Task: The reply to the records below should contain exactly the lines from the line with "theory Defs" through the line with "(* Dirichlet-multinomial DM_alpha(r;N);", and nothing besides.

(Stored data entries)
━━━

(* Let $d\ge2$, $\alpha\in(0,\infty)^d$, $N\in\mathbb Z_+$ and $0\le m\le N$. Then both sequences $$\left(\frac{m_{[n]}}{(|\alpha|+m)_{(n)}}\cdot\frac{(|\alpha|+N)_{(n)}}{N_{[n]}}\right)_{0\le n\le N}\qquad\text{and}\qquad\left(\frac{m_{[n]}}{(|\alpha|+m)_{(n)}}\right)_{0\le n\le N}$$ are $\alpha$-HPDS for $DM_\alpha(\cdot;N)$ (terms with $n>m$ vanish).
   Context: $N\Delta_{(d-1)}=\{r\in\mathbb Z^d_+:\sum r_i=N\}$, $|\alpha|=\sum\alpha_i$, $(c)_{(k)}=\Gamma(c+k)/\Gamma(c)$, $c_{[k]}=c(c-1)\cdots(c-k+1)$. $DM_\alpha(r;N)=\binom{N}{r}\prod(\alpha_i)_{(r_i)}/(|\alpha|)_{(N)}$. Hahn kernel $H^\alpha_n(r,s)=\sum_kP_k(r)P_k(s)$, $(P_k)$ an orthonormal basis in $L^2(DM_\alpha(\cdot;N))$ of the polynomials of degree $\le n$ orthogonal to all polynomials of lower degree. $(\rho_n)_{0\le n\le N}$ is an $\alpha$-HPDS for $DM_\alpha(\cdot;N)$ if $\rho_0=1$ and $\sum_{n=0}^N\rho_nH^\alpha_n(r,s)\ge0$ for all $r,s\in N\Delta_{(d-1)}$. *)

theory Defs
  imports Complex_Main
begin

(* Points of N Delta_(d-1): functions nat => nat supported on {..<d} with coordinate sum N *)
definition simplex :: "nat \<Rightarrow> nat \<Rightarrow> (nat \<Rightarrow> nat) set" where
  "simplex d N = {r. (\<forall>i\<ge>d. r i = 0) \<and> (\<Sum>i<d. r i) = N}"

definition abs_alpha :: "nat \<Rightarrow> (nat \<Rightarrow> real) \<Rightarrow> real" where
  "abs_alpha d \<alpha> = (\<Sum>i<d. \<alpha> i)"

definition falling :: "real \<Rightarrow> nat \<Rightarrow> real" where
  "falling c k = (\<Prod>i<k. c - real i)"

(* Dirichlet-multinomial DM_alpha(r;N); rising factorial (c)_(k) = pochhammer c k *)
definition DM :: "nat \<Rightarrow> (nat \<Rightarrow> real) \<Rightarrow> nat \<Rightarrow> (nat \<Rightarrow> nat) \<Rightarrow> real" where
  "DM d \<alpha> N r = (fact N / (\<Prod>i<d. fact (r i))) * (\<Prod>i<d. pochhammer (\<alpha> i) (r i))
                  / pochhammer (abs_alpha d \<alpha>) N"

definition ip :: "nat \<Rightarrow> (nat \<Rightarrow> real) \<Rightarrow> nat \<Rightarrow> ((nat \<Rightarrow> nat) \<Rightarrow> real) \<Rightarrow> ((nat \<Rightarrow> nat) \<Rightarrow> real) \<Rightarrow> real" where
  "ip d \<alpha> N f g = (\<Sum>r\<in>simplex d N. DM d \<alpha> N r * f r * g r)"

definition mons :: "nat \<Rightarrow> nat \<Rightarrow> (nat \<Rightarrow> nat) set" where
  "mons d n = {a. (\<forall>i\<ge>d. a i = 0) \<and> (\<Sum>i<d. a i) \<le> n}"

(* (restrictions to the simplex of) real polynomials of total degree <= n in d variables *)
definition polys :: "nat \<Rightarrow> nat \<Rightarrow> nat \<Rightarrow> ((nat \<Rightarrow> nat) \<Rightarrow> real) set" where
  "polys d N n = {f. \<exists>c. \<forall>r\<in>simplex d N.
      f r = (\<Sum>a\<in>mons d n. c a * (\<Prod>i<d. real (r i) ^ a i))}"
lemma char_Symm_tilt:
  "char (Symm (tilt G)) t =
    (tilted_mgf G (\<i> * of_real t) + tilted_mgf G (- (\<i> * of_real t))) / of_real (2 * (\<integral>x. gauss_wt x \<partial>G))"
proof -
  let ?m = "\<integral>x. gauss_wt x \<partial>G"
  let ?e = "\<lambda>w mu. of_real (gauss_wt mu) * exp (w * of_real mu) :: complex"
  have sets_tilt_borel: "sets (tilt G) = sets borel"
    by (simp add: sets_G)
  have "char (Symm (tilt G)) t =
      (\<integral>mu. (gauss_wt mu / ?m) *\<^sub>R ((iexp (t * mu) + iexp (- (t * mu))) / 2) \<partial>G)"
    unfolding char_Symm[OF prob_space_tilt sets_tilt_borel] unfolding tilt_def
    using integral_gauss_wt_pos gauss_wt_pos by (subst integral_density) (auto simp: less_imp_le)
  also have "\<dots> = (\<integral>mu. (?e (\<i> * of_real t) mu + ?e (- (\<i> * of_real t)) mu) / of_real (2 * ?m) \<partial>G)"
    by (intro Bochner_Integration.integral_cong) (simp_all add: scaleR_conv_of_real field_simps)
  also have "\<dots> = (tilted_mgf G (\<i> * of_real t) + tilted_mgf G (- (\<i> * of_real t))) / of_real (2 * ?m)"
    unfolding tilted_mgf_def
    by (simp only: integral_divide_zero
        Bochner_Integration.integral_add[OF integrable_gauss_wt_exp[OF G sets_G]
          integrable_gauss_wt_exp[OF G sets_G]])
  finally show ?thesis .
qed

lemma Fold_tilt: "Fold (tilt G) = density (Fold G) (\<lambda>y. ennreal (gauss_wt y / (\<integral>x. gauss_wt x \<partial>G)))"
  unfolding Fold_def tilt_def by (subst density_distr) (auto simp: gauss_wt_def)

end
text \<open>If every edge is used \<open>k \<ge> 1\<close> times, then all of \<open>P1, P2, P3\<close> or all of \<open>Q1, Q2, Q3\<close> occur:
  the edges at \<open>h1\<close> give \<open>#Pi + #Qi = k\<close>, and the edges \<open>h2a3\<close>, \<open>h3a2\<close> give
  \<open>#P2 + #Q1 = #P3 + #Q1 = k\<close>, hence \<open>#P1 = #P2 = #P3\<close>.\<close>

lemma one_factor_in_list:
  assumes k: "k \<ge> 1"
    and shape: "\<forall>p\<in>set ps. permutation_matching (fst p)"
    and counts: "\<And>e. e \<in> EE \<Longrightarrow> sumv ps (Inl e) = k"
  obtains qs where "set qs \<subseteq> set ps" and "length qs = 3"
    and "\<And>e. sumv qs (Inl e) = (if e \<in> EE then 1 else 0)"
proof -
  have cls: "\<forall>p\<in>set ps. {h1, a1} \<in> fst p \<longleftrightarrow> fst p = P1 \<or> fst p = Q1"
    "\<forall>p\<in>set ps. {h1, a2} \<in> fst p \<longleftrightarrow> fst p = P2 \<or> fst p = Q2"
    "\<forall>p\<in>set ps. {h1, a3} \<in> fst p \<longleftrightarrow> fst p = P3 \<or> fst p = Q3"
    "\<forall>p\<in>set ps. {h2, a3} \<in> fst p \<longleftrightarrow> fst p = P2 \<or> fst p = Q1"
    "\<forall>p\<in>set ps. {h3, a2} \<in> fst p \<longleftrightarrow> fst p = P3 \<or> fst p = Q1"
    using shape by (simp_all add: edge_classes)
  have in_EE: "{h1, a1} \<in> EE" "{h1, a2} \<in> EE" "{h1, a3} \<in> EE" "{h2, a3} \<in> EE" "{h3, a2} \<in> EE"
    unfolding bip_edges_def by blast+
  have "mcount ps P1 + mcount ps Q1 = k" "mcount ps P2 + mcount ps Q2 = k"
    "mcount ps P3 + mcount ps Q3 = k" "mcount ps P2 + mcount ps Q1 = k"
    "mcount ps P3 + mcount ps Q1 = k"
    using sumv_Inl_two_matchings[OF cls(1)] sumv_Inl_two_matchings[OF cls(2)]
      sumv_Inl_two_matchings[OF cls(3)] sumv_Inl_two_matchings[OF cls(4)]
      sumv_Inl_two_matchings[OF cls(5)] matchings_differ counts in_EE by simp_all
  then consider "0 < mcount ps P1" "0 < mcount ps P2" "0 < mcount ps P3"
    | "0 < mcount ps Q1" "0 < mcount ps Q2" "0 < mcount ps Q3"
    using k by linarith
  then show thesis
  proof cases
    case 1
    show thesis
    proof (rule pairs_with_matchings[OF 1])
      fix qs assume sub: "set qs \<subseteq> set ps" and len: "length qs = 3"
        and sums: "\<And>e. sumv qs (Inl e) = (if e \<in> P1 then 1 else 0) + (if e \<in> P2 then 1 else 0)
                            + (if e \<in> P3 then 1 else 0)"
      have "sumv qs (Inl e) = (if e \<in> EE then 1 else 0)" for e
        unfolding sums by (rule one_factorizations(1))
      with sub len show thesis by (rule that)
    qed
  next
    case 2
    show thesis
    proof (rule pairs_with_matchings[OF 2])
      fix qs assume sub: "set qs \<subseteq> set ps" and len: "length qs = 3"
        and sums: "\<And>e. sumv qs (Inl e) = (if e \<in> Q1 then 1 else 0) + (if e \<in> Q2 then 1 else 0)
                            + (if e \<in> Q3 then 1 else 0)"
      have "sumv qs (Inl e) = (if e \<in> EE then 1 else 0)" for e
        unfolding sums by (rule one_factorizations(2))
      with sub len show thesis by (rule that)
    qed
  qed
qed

━━━

Answer for this exercise:
theory Defs
  imports Complex_Main
begin

(* Points of N Delta_(d-1): functions nat => nat supported on {..<d} with coordinate sum N *)
definition simplex :: "nat \<Rightarrow> nat \<Rightarrow> (nat \<Rightarrow> nat) set" where
  "simplex d N = {r. (\<forall>i\<ge>d. r i = 0) \<and> (\<Sum>i<d. r i) = N}"

definition abs_alpha :: "nat \<Rightarrow> (nat \<Rightarrow> real) \<Rightarrow> real" where
  "abs_alpha d \<alpha> = (\<Sum>i<d. \<alpha> i)"

definition falling :: "real \<Rightarrow> nat \<Rightarrow> real" where
  "falling c k = (\<Prod>i<k. c - real i)"

(* Dirichlet-multinomial DM_alpha(r;N); rising factorial (c)_(k) = pochhammer c k *)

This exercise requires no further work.